Post by thelawschoolproject » Mon Nov 05, 2012 4:30 pm

Alright, so a few things:

1). Overall I like the sentiment that your PS conveys.So often sports stories are just that--stories about the sport--but this one is much deeper and much more personal. That's a definite strength of this piece. The tone is good. You aren't cocky about your abilities and you wrote your statement with a vulnerability that I think the adcomms will appreciate.

2). With that said, I feel like organization is something that could be improved. There are several parts of your piece that cause me a great deal of confusion, specifically because they feel misplaced or out of order. For example, you're outside the football office at the beginning of your PS waiting to quit, but later in the PS you're sitting on a curb. It causes me to lose focus of where it is that you are. Be consistent with the location. Also, the comments about what football means to you. You list a lot of things at the beginning, but at the bottom somehow fairness is the quintessential lesson you've learned. Something about that doesn't fit with everything else in your PS. I dno how we get to fairness. Also, you switch time a lot. You go into memories, then thought patterns, and it's hard to follow at times. Be sure that where you're placing information is where it should be placed. Specifically the two paragraphs that start "my commitment to fairness" and "throughout (one word, btw) my life" cause me to become rather confused.

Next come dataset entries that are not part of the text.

(* Let $M(C,\bar\xi,\pi)$ be a Myller configuration whose versor field has Frenet-type frame $(\bar\xi_1,\bar\xi_2,\bar\xi_3)$ with curvature $K_1>0$. Then $C$ is a $\bar\xi_1$-helix with respect to the Frenet-type frame if and only if $C$ is a $W_n$-helix in $M$.
   Context: Let $C$ be a smooth curve in $E^3$ parametrized by arclength $s$; primes denote $d/ds$. A Myller configuration $M(C,\bar\xi,\pi)$ consists of a smooth unit vector field $\bar\xi$ along $C$ and a smooth oriented plane field $\pi$ with $\bar\xi\in\pi$; $\bar v$ is the unit normal of $\pi$, $\bar\mu=\bar v\times\bar\xi$, and $\bar\xi'=G\bar\mu+K\bar v$, $\bar\mu'=-G\bar\xi+T\bar v$, $\bar v'=-K\bar\xi-T\bar\mu$. Frenet-type frame: $\bar\xi_1=\bar\xi$, $K_1=\|\bar\xi'\|$, $\bar\xi_2=\bar\xi_1'/K_1$, $\bar\xi_3=\bar\xi_1\times\bar\xi_2$. $C$ is a $\bar\xi_1$-helix if $\langle\bar\xi_1,\bar d\rangle$ is constant for some constant unit vector $\bar d$. The ND-vector is $W_n=-K\bar\mu+G\bar v$, $\bar W_n=W_n/\|W_n\|$ ($\|W_n\|=\sqrt{G^2+K^2}=K_1$), and $C$ is a $W_n$-helix if $\langle\bar W_n,\bar l_n\rangle$ is constant for some constant unit vector $\bar l_n$. *)

theory Defs
  imports "HOL-Analysis.Analysis"
begin

definition smooth_on :: "real set \<Rightarrow> (real \<Rightarrow> real^3) \<Rightarrow> bool" where
  "smooth_on I f \<longleftrightarrow> (\<exists>D :: nat \<Rightarrow> real \<Rightarrow> real^3.
      (\<forall>s\<in>I. D 0 s = f s) \<and>
      (\<forall>n. \<forall>s\<in>I. (D n has_vector_derivative D (Suc n) s) (at s)))"

text \<open>Myller configuration M(C, xi, pi) on the open parameter interval I.
  r parametrizes C by arclength, xi is the unit versor field, the oriented plane
  field pi is given by its unit normal v (xi in pi means xi orthogonal to v),
  mu = v \<times> xi, and G, K, T are the invariants in the derivative formulas.\<close>
definition myller_mu :: "(real \<Rightarrow> real^3) \<Rightarrow> (real \<Rightarrow> real^3) \<Rightarrow> real \<Rightarrow> real^3" where
  "myller_mu xi v s = cross3 (v s) (xi s)"

definition myller_configuration ::
  "real set \<Rightarrow> (real \<Rightarrow> real^3) \<Rightarrow> (real \<Rightarrow> real^3) \<Rightarrow> (real \<Rightarrow> real^3)
    \<Rightarrow> (real \<Rightarrow> real) \<Rightarrow> (real \<Rightarrow> real) \<Rightarrow> (real \<Rightarrow> real) \<Rightarrow> bool" where
  "myller_configuration I r xi v G K T \<longleftrightarrow>
     is_interval I \<and> open I \<and> I \<noteq> {} \<and>
     smooth_on I r \<and> smooth_on I xi \<and> smooth_on I v \<and>
     (\<forall>s\<in>I. norm (vector_derivative r (at s)) = 1) \<and>
     (\<forall>s\<in>I. norm (xi s) = 1 \<and> norm (v s) = 1 \<and> xi s \<bullet> v s = 0) \<and>
     (\<forall>s\<in>I. (xi has_vector_derivative (G s *\<^sub>R myller_mu xi v s + K s *\<^sub>R v s)) (at s)) \<and>
     (\<forall>s\<in>I. (myller_mu xi v has_vector_derivative (- G s *\<^sub>R xi s + T s *\<^sub>R v s)) (at s)) \<and>
     (\<forall>s\<in>I. (v has_vector_derivative (- K s *\<^sub>R xi s - T s *\<^sub>R myller_mu xi v s)) (at s))"

definition frenet_xi1 :: "(real \<Rightarrow> real^3) \<Rightarrow> real \<Rightarrow> real^3" where
  "frenet_xi1 xi s = xi s"

definition frenet_K1 :: "(real \<Rightarrow> real^3) \<Rightarrow> real \<Rightarrow> real" where
  "frenet_K1 xi s = norm (vector_derivative xi (at s))"

definition frenet_xi2 :: "(real \<Rightarrow> real^3) \<Rightarrow> real \<Rightarrow> real^3" where
  "frenet_xi2 xi s = (1 / frenet_K1 xi s) *\<^sub>R vector_derivative (frenet_xi1 xi) (at s)"

definition frenet_xi3 :: "(real \<Rightarrow> real^3) \<Rightarrow> real \<Rightarrow> real^3" where
  "frenet_xi3 xi s = cross3 (frenet_xi1 xi s) (frenet_xi2 xi s)"

definition xi1_helix :: "real set \<Rightarrow> (real \<Rightarrow> real^3) \<Rightarrow> bool" where
  "xi1_helix I xi \<longleftrightarrow>
     (\<exists>d :: real^3. norm d = 1 \<and> (\<exists>c. \<forall>s\<in>I. frenet_xi1 xi s \<bullet> d = c))"

definition W_n :: "(real \<Rightarrow> real^3) \<Rightarrow> (real \<Rightarrow> real^3) \<Rightarrow> (real \<Rightarrow> real) \<Rightarrow> (real \<Rightarrow> real)
    \<Rightarrow> real \<Rightarrow> real^3" where
  "W_n xi v G K s = - K s *\<^sub>R myller_mu xi v s + G s *\<^sub>R v s"

definition W_n_unit :: "(real \<Rightarrow> real^3) \<Rightarrow> (real \<Rightarrow> real^3) \<Rightarrow> (real \<Rightarrow> real) \<Rightarrow> (real \<Rightarrow> real)
    \<Rightarrow> real \<Rightarrow> real^3" where
  "W_n_unit xi v G K s = (1 / norm (W_n xi v G K s)) *\<^sub>R W_n xi v G K s"

definition Wn_helix :: "real set \<Rightarrow> (real \<Rightarrow> real^3) \<Rightarrow> (real \<Rightarrow> real^3)
    \<Rightarrow> (real \<Rightarrow> real) \<Rightarrow> (real \<Rightarrow> real) \<Rightarrow> bool" where
  "Wn_helix I xi v G K \<longleftrightarrow>
     (\<exists>l :: real^3. norm l = 1 \<and> (\<exists>c. \<forall>s\<in>I. W_n_unit xi v G K s \<bullet> l = c))"

end

theory Submission
  imports Defs
begin

(* The versor field \<xi> = \<xi>1 is a curve on the unit sphere, and since W_n = \<xi> \<times> \<xi>' with
   |\<xi>'| = K1, the unit ND-vector is the binormal \<xi>3 of the Frenet-type frame, whose derivative
   is -K2 \<xi>2. If <\<xi>1, d> is constant then <\<xi>2, d> = 0, so <\<xi>3, d> is constant.
   Conversely, if <\<xi>3, l> = c then K2 <\<xi>2, l> = 0. When K2 vanishes identically, \<xi>3 is itself
   a constant direction orthogonal to \<xi>1. Otherwise, on the open set where K2 \<noteq> 0 both
   <\<xi>2, l> and its derivative vanish, which gives K2 c = K1 <\<xi>1, l> and <\<xi>1, l>^2 = 1 - c^2 \<noteq> 0;
   these closed conditions force K2 \<noteq> 0 in turn, so by connectedness K2 never vanishes,
   <\<xi>2, l> = 0 on all of I, and <\<xi>1, l> is constant. *)

lemma has_real_derivative_norm:
  fixes b :: "real \<Rightarrow> 'a::real_inner"
  assumes "(b has_vector_derivative b') (at s)" "b s \<noteq> 0"
  shows "((\<lambda>t. norm (b t)) has_real_derivative (b s \<bullet> b') / norm (b s)) (at s)"
proof -
  have "((\<lambda>t. norm (b t)) has_derivative (\<lambda>h. h *\<^sub>R b' \<bullet> sgn (b s))) (at s)"
    using has_derivative_compose[OF assms(1)[unfolded has_vector_derivative_def]
        has_derivative_norm[OF assms(2)]] .
  then show ?thesis
    unfolding has_field_derivative_def
    by (rule has_derivative_eq_rhs) (simp add: fun_eq_iff sgn_div_norm inner_commute divide_inverse mult_ac)
qed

3). While reading this I'm actually more interested in your trouble in high-school/grades. I feel like you overcoming that with football is far more substantial than you deciding not to quit the sport just because you didn't feel you were as good at it. To some degree, quitting because you are upset that your talent isn't where it should be is superficial. Especially when you have this whole host of other situations regarding you and your family background. The latter is much more compelling to me and I feel it probably would let me understand who you are better than this story.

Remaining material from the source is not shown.